The change in enthalpy (ΔH) can be calculated using the following equation:
ΔH = Σ(ΔHf products) - Σ(ΔHf reactants)
Let's break down the given reaction and calculate the change in enthalpy step by step:
1. Sn(s) + 2Cl2(g) --> SnCl4(l)
The heat of formation for SnCl4 is not given directly, but we can calculate it by summing up the heats of formation of Sn(s) and Cl2(g).
ΔHf (SnCl4) = ΔHf (Sn(s)) + 4 * ΔHf (Cl2(g))
2. Sn(s) + Cl2(g) --> SnCl2(l)
The heat of formation for SnCl2 is given directly as -186.2 kJ.

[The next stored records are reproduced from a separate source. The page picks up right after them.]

lemma dim_eq_if_card_eq:
  fixes S :: "'a::{field,finite} fvec set"
  assumes "finite S" "fv.subspace S" "card S = CARD('a) ^ m"
  shows "fv.dim S = m"
  using card_subspace[OF assms(1,2)] assms(3) CARD_field_ge_2[where 'a='a]
  by simp

lemma Fqn_subspace: "fv.subspace (Fqn n :: 'a::field fvec set)"
  unfolding fv.subspace_def Fqn_def by (auto simp: fvec_scale_def)

lemma Fqn_Suc: "Fqn (Suc n) = (\<lambda>(c, v). v(n := c)) ` ((UNIV :: 'a::field set) \<times> Fqn n)"
proof (intro equalityI subsetI)
  fix x :: "'a fvec" assume "x \<in> Fqn (Suc n)"
  then have "x(n := 0) \<in> Fqn n" by (auto simp: Fqn_def)
  then show "x \<in> (\<lambda>(c, v). v(n := c)) ` (UNIV \<times> Fqn n)"
    by (intro image_eqI[of _ _ "(x n, x(n := 0))"]) auto
qed (auto simp: Fqn_def)

lemma finite_card_Fqn:
  "finite (Fqn n :: 'a::{field,finite} fvec set) \<and> card (Fqn n :: 'a fvec set) = CARD('a) ^ n"
proof (induction n)
  case 0
  have "Fqn 0 = {0 :: 'a fvec}" by (auto simp: Fqn_def)
  then show ?case by simp
next
  case (Suc n)
  have "inj_on (\<lambda>(c, v). v(n := c)) ((UNIV :: 'a set) \<times> Fqn n)"
  proof (rule inj_onI, clarify)
    fix c c' :: 'a and v v' :: "'a fvec"
    assume "v \<in> Fqn n" "v' \<in> Fqn n" and eq: "v(n := c) = v'(n := c')"
    then have "v n = 0" "v' n = 0" by (auto simp: Fqn_def)
    moreover have "c = c'" using fun_cong[OF eq, of n] by simp
    ultimately show "c = c' \<and> v = v'" using eq by (metis fun_upd_triv fun_upd_upd)
  qed
  then show ?case unfolding Fqn_Suc using Suc by (simp add: card_image card_cartesian_product)
qed

lemma finite_Fqn: "finite (Fqn n :: 'a::{field,finite} fvec set)"
  and card_Fqn: "card (Fqn n :: 'a::{field,finite} fvec set) = CARD('a) ^ n"
  using finite_card_Fqn by blast+

lemma subspaces_of_dimD:
  fixes S :: "'a::{field,finite} fvec set"
  assumes "S \<in> subspaces_of_dim n m"
  shows "finite S" "fv.subspace S" "card S = CARD('a) ^ m" "S \<subseteq> Fqn n"
proof -
  show f: "finite S" and sub: "fv.subspace S" and "S \<subseteq> Fqn n"
    using assms finite_Fqn finite_subset unfolding subspaces_of_dim_def by auto
  show "card S = CARD('a) ^ m"
    using card_subspace[OF f sub] assms unfolding subspaces_of_dim_def sdim_def by auto
qed
lemma bit_fun_add_self_left [simp]: "(x :: 'a \<Rightarrow> bit) + (x + y) = y"
  by (simp flip: add.assoc)

lemma bit_add_eq_0_iff: "(a :: bit) + b = 0 \<longleftrightarrow> a = b"
  by (cases a; cases b) simp_all

lemma bit_fun_diff_eq_add: "(x :: 'a \<Rightarrow> bit) - y = x + y"
  by (simp add: fun_eq_iff)

lemma bit_fun_add_eq_0_iff: "(x :: 'a \<Rightarrow> bit) + y = 0 \<longleftrightarrow> x = y"
  by (metis bit_fun_add_self bit_fun_add_self_left add_0_right)

lemma card_span_independent:
  assumes "finite B" "fvs.independent (B :: ('a::finite \<Rightarrow> bit) set)"
  shows "card (fvs.span B) = 2 ^ card B"
  using assms
proof (induction B rule: finite_induct)
  case empty
  then show ?case by simp
next
  case (insert b B)
  have indep: "fvs.independent B" and b: "b \<notin> fvs.span B"
    using insert.prems insert.hyps(2) by (auto simp: fvs.independent_insert)
  have span: "fvs.span (insert b B) = fvs.span B \<union> (\<lambda>y. b + y) ` fvs.span B"
  proof (intro equalityI subsetI)
    fix x assume "x \<in> fvs.span (insert b B)"
    then obtain k where k: "x - fscale k b \<in> fvs.span B"
      by (auto simp: fvs.span_insert)
    show "x \<in> fvs.span B \<union> (\<lambda>y. b + y) ` fvs.span B"
    proof (cases k)
      case zero
      then show ?thesis using k by simp
    next
      case one
      then have "x + b \<in> fvs.span B" using k by (simp only: fscale_def mult_1_left bit_fun_diff_eq_add)
      moreover have "x = b + (x + b)" by (simp add: add.commute)
      ultimately show ?thesis by blast
    qed
  next
    fix x assume "x \<in> fvs.span B \<union> (\<lambda>y. b + y) ` fvs.span B"
    then show "x \<in> fvs.span (insert b B)"
      using fvs.span_mono[of B "insert b B"] fvs.span_add[of b "insert b B"]
        fvs.span_base[of b "insert b B"] by auto
  qed
  have disjoint: "fvs.span B \<inter> (\<lambda>y. b + y) ` fvs.span B = {}"
  proof (rule ccontr)
    assume "\<not> ?thesis"
    then obtain y where "y \<in> fvs.span B" "b + y \<in> fvs.span B" by auto
    then have "(b + y) + y \<in> fvs.span B" using fvs.span_add by blast
    then show False using b by (simp add: add.assoc)
  qed
  have "card (fvs.span (insert b B)) = card (fvs.span B) + card ((\<lambda>y. b + y) ` fvs.span B)"
    unfolding span using disjoint by (simp add: card_Un_disjoint)
  also have "card ((\<lambda>y. b + y) ` fvs.span B) = card (fvs.span B)"
    by (rule card_image) (auto simp: inj_on_def)
  finally show ?case using insert.IH[OF indep] insert.hyps by simp
qed
lemma quad_form_symmetric_real:
  assumes "\<And>i j. i < n \<Longrightarrow> j < n \<Longrightarrow> f i j = f j i"
  shows "quad_form n f y = complex_of_real (Re (quad_form n f y))"
proof -
  have "cnj (quad_form n f y) = quad_form n f y"
    using quad_form_transpose[of n f y] quad_form_cong[of n f "\<lambda>i j. f j i" y] assms by simp
  then have "Im (quad_form n f y) = 0" by (metis Reals_cnj_iff complex_is_Real_iff)
  then show ?thesis by (simp add: complex_eq_iff)
qed

lemma quad_form_identity: "quad_form n (\<lambda>i j. if i = j then 1 else 0) y = complex_of_real (vnorm_sq n y)"
proof -
  have "quad_form n (\<lambda>i j. if i = j then 1 else 0) y = (\<Sum>i<n. cnj (y$i) * y$i)"
    unfolding quad_form_def
  proof (intro sum.cong refl)
    fix i assume i: "i \<in> {..<n}"
    have "(\<Sum>j<n. cnj (y$i) * complex_of_real (if i = j then 1 else 0) * y$j)
        = (\<Sum>j<n. if i = j then cnj (y$i) * y$j else 0)"
      by (intro sum.cong refl) auto
    then show "(\<Sum>j<n. cnj (y$i) * complex_of_real (if i = j then 1 else 0) * y$j) = cnj (y$i) * y$i"
      using i by (simp add: sum.delta)
  qed
  also have "\<dots> = (\<Sum>i<n. complex_of_real ((cmod (y$i))\<^sup>2))"
    by (intro sum.cong refl) (simp add: complex_norm_square mult.commute del: of_real_power)
  finally show ?thesis unfolding vnorm_sq_def by simp
qed
lemma feasible_has_tight_row:
  assumes "feasible m n a b Js al xh G c u y z p phi lam mu"
  shows "\<exists>i\<in>{1..m}. s i = protection i (G i)"
proof -
  have obj: "(\<Sum>j\<in>{1..n}. c j * xh j) = (\<Sum>i\<in>{1..m}. b i * p i)"
    and robust: "robust_feasible G u y z" and dual: "dual_feasible G c p phi lam mu"
    and G: "\<forall>i\<in>{1..m}. 0 \<le> G i \<and> G i \<le> real (card (Js i))"
    using assms unfolding feasible_iff by auto
  have "(\<Sum>i\<in>{1..m}. p i * s i) + (\<Sum>i\<in>{1..m}. \<Sum>j\<in>Js i. al i j * xh j * (lam i j - mu i j)) = 0"
    using dual_objective_eq[of p lam mu c] dual obj unfolding dual_feasible_def by simp
  then have "(\<Sum>i\<in>{1..m}. p i * s i) \<le> (\<Sum>i\<in>{1..m}. p i * protection i (G i))"
    using dual_penalty_le_protection[OF dual G] by linarith
  then have "(\<Sum>i\<in>{1..m}. p i * (s i - protection i (G i))) \<le> 0"
    by (simp add: right_diff_distrib sum_subtractf)
  moreover have "\<forall>i\<in>{1..m}. 0 \<le> p i \<and> 0 \<le> s i - protection i (G i)"
    using dual G robust_feasible_imp_protection_le_slack[OF robust]
    unfolding dual_feasible_def by fastforce
  ultimately have "\<exists>i\<in>{1..m}. 0 < p i \<and> s i - protection i (G i) = 0"
    using dual unfolding dual_feasible_def by (intro exists_zero_of_weighted_sum_nonpos) auto
  then show ?thesis by auto
qed

text \<open>lam and mu split phi by the sign of xh, so that al * xh * (lam - mu) = - dev * phi.\<close>
lemma dual_feasible_exists:
  assumes i: "i \<in> {1..m}" and "0 \<le> G i" and tight: "protection i (G i) = s i"
  shows "\<exists>c p phi lam mu. dual_feasible G c p phi lam mu
           \<and> (\<Sum>j\<in>{1..n}. c j * xh j) = (\<Sum>k\<in>{1..m}. b k * p k)"
proof -
  obtain \<phi> where \<phi>: "\<forall>j\<in>Js i. 0 \<le> \<phi> j \<and> \<phi> j \<le> 1" "(\<Sum>j\<in>Js i. \<phi> j) \<le> G i"
    "(\<Sum>j\<in>Js i. dev i j * \<phi> j) = protection i (G i)"
    using top_sum_attained[OF finite_Js[OF i] assms(2)] unfolding protection_def by metis
  define p where "p = (\<lambda>k. if k = i then 1 else 0 :: real)"
  define phi where "phi = (\<lambda>k j. if k = i then \<phi> j else 0)"
  define lam where "lam = (\<lambda>k j. if xh j < 0 then phi k j else 0)"
  define mu where "mu = (\<lambda>k j. if xh j < 0 then 0 else phi k j)"
  define c where "c = (\<lambda>j. (\<Sum>k\<in>{1..m}. a k j * p k)
      + (\<Sum>k\<in>{k\<in>{1..m}. j \<in> Js k}. al k j * (lam k j - mu k j)))"
  have c_eq: "\<forall>j\<in>{1..n}. (\<Sum>k\<in>{1..m}. a k j * p k)
      + (\<Sum>k\<in>{k\<in>{1..m}. j \<in> Js k}. al k j * (lam k j - mu k j)) = c j"
    by (simp add: c_def)
  have penalty: "al k j * xh j * (lam k j - mu k j) = - (dev k j * phi k j)" for k j
    unfolding lam_def mu_def dev_def by (simp add: abs_if)
  have "(\<Sum>k\<in>{1..m}. p k * s k) = (\<Sum>k\<in>{1..m}. if k = i then s k else 0)"
    by (rule sum.cong) (simp_all add: p_def)
  then have "(\<Sum>k\<in>{1..m}. p k * s k) = s i" using i by simp
  moreover have "(\<Sum>k\<in>{1..m}. \<Sum>j\<in>Js k. al k j * xh j * (lam k j - mu k j))
      = (\<Sum>k\<in>{1..m}. if k = i then - (\<Sum>j\<in>Js i. dev i j * \<phi> j) else 0)"
    by (rule sum.cong) (simp_all add: penalty phi_def sum_negf)
  then have "(\<Sum>k\<in>{1..m}. \<Sum>j\<in>Js k. al k j * xh j * (lam k j - mu k j)) = - s i"
    using i \<phi>(3) tight by simp
  ultimately have "(\<Sum>j\<in>{1..n}. c j * xh j) = (\<Sum>k\<in>{1..m}. b k * p k)"
    using dual_objective_eq[OF c_eq] by simp
  moreover have "dual_feasible G c p phi lam mu"
    unfolding dual_feasible_def using i \<phi>(1,2) c_eq
    by (auto simp: p_def phi_def lam_def mu_def)
  ultimately show ?thesis by blast
qed

end

locale rlo_unique = rlo_data +
  assumes unique: "\<forall>i\<in>Ihat m n a b Js al xh. \<forall>g. 0 \<le> g \<and> g \<le> real (card (Js i)) \<and>
                    slack n a b xh i = Pval (al i) (Js i) g xh \<longrightarrow> g = Gamma_low n a b Js al xh i"
begin

abbreviation I_hat :: "nat set" where
  "I_hat \<equiv> Ihat m n a b Js al xh"

abbreviation Gamma_lo :: "nat \<Rightarrow> real" where
  "Gamma_lo \<equiv> Gamma_low n a b Js al xh"

lemma I_hat_subset: "i \<in> I_hat \<Longrightarrow> i \<in> {1..m}"
  by (simp add: Ihat_def)

lemma eq_Gamma_lo_if_tight:
  "i \<in> I_hat \<Longrightarrow> 0 \<le> g \<Longrightarrow> g \<le> real (card (Js i)) \<Longrightarrow> protection i g = s i \<Longrightarrow> g = Gamma_lo i"
  using unique Pval_eq_protection[OF I_hat_subset] by metis

text \<open>The infimum defining Gamma_low is never analysed: uniqueness identifies it with the root
  given by the intermediate value theorem.\<close>
lemma protection_Gamma_lo:
  assumes i: "i \<in> I_hat"
  shows "0 \<le> Gamma_lo i" "Gamma_lo i \<le> real (card (Js i))" "protection i (Gamma_lo i) = s i"
proof -
  have im: "i \<in> {1..m}" using I_hat_subset[OF i] .
  have "0 \<le> s i" "s i \<le> (\<Sum>j\<in>Js i. dev i j)" using i by (auto simp: Ihat_def dev_def)
  then have "\<exists>g\<ge>0. g \<le> real (card (Js i)) \<and> protection i g = s i"
    unfolding protection_def
    by (intro IVT') (simp_all add: top_sum_card[OF finite_Js[OF im]] continuous_on_top_sum)
  then obtain g where g: "0 \<le> g" "g \<le> real (card (Js i))" "protection i g = s i" by blast
  moreover have "g = Gamma_lo i" using eq_Gamma_lo_if_tight[OF i g] .
  ultimately show "0 \<le> Gamma_lo i" "Gamma_lo i \<le> real (card (Js i))" "protection i (Gamma_lo i) = s i"
    by simp_all
qed

lemma protection_le_slack_iff:
  assumes i: "i \<in> I_hat" and g: "0 \<le> g" "g \<le> real (card (Js i))"
  shows "protection i g \<le> s i \<longleftrightarrow> g \<le> Gamma_lo i"
proof -
  have mono: "protection i g \<le> protection i g'" if "g \<le> g'" for g g'
    unfolding protection_def using I_hat_subset[OF i] that
    by (intro top_sum_mono[OF finite_Js dev_nonneg])
  show ?thesis
  proof
    assume le: "protection i g \<le> s i"
    show "g \<le> Gamma_lo i"
    proof (rule ccontr)
      assume "\<not> g \<le> Gamma_lo i"
      then have "protection i g = s i"
        using le mono[of "Gamma_lo i" g] protection_Gamma_lo[OF i] by simp
      then show False using eq_Gamma_lo_if_tight[OF i g] \<open>\<not> g \<le> Gamma_lo i\<close> by simp
    qed
  qed (use mono protection_Gamma_lo[OF i] in metis)
qed

lemma in_Theta_if_protection_le_slack:
  assumes "\<forall>i\<in>{1..m}. 0 \<le> G i \<and> G i \<le> real (card (Js i)) \<and> protection i (G i) \<le> s i"
  shows "in_Theta m n a b Js al xh G"
  using assms protection_le_slack_iff I_hat_subset unfolding in_Theta_def by blast

lemma protection_le_slack_if_in_Theta:
  assumes "in_Theta m n a b Js al xh G" "\<forall>k\<in>{1..m}. 0 \<le> s k" "i \<in> {1..m}"
  shows "protection i (G i) \<le> s i"
proof (cases "i \<in> I_hat")
  case True
  then show ?thesis using assms protection_le_slack_iff unfolding in_Theta_def by auto
next
  case False
  have "protection i (G i) \<le> (\<Sum>j\<in>Js i. dev i j)"
    using assms unfolding protection_def in_Theta_def
    by (intro top_sum_le_sum[OF finite_Js dev_nonneg]) auto
  also have "\<dots> < s i" using False assms(2,3) by (auto simp: Ihat_def dev_def)
  finally show ?thesis by simp
qed

lemma feasible_imp_in_Theta_tight:
  assumes "feasible m n a b Js al xh G c u y z p phi lam mu"
  shows "in_Theta m n a b Js al xh G \<and> (\<exists>i\<in>I_hat. G i = Gamma_lo i)"
proof -
  note parts = assms[unfolded feasible_iff]
  obtain i where i: "i \<in> {1..m}" "s i = protection i (G i)"
    using feasible_has_tight_row[OF assms] by blast
  have G: "0 \<le> G i" "G i \<le> real (card (Js i))" using parts i by auto
  have i_hat: "i \<in> I_hat"
    using i top_sum_nonneg[OF finite_Js dev_nonneg G(1)] top_sum_le_sum[OF finite_Js dev_nonneg G(2)]
    by (auto simp: Ihat_def protection_def dev_def[symmetric])
  have "in_Theta m n a b Js al xh G"
    using parts robust_feasible_imp_protection_le_slack by (intro in_Theta_if_protection_le_slack) auto
  moreover have "G i = Gamma_lo i" using eq_Gamma_lo_if_tight[OF i_hat G] i(2) by simp
  ultimately show ?thesis using i_hat by blast
qed

lemma feasible_if_in_Theta_tight:
  assumes "\<forall>k\<in>{1..m}. b k \<le> (\<Sum>j\<in>{1..n}. a k j * xh j)"
    and "in_Theta m n a b Js al xh G" and "i \<in> I_hat" "G i = Gamma_lo i"
  shows "\<exists>c u y z p phi lam mu. feasible m n a b Js al xh G c u y z p phi lam mu"
proof -
  have G: "\<forall>k\<in>{1..m}. 0 \<le> G k \<and> G k \<le> real (card (Js k))"
    using assms(2) by (simp add: in_Theta_def)
  have "\<forall>k\<in>{1..m}. 0 \<le> s k" using assms(1) by (simp add: slack_def)
  then obtain u y z where "robust_feasible G u y z"
    using robust_feasible_exists protection_le_slack_if_in_Theta[OF assms(2)] G by meson
  moreover obtain c p phi lam mu where "dual_feasible G c p phi lam mu"
      "(\<Sum>j\<in>{1..n}. c j * xh j) = (\<Sum>k\<in>{1..m}. b k * p k)"
    using dual_feasible_exists[OF I_hat_subset] protection_Gamma_lo assms(3,4) by metis
  ultimately show ?thesis using G unfolding feasible_iff by blast
qed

3. SnCl2(s) + Cl2(g) --> SnCl4(l)
The heat of formation for SnCl2 is given as -325.1 kJ.
Now, let's substitute the given values into the equation and solve for the change in enthalpy:
ΔH = [ΔHf (SnCl4)] - [ΔHf (Sn(s)) + 4 * ΔHf (Cl2(g))]
ΔH = [-325.1 kJ] - [-186.2 kJ + 4 * ΔHf (Cl2(g))]
At this point, we need the heat of formation of Cl2(g) to proceed further. Since it is not provided in the given information, we won't be able to calculate the change in enthalpy without it.
Therefore, without the heat of formation for Cl2(g), we cannot determine the change in enthalpy for the formation of tin chloride (SnCl4) in the given reaction.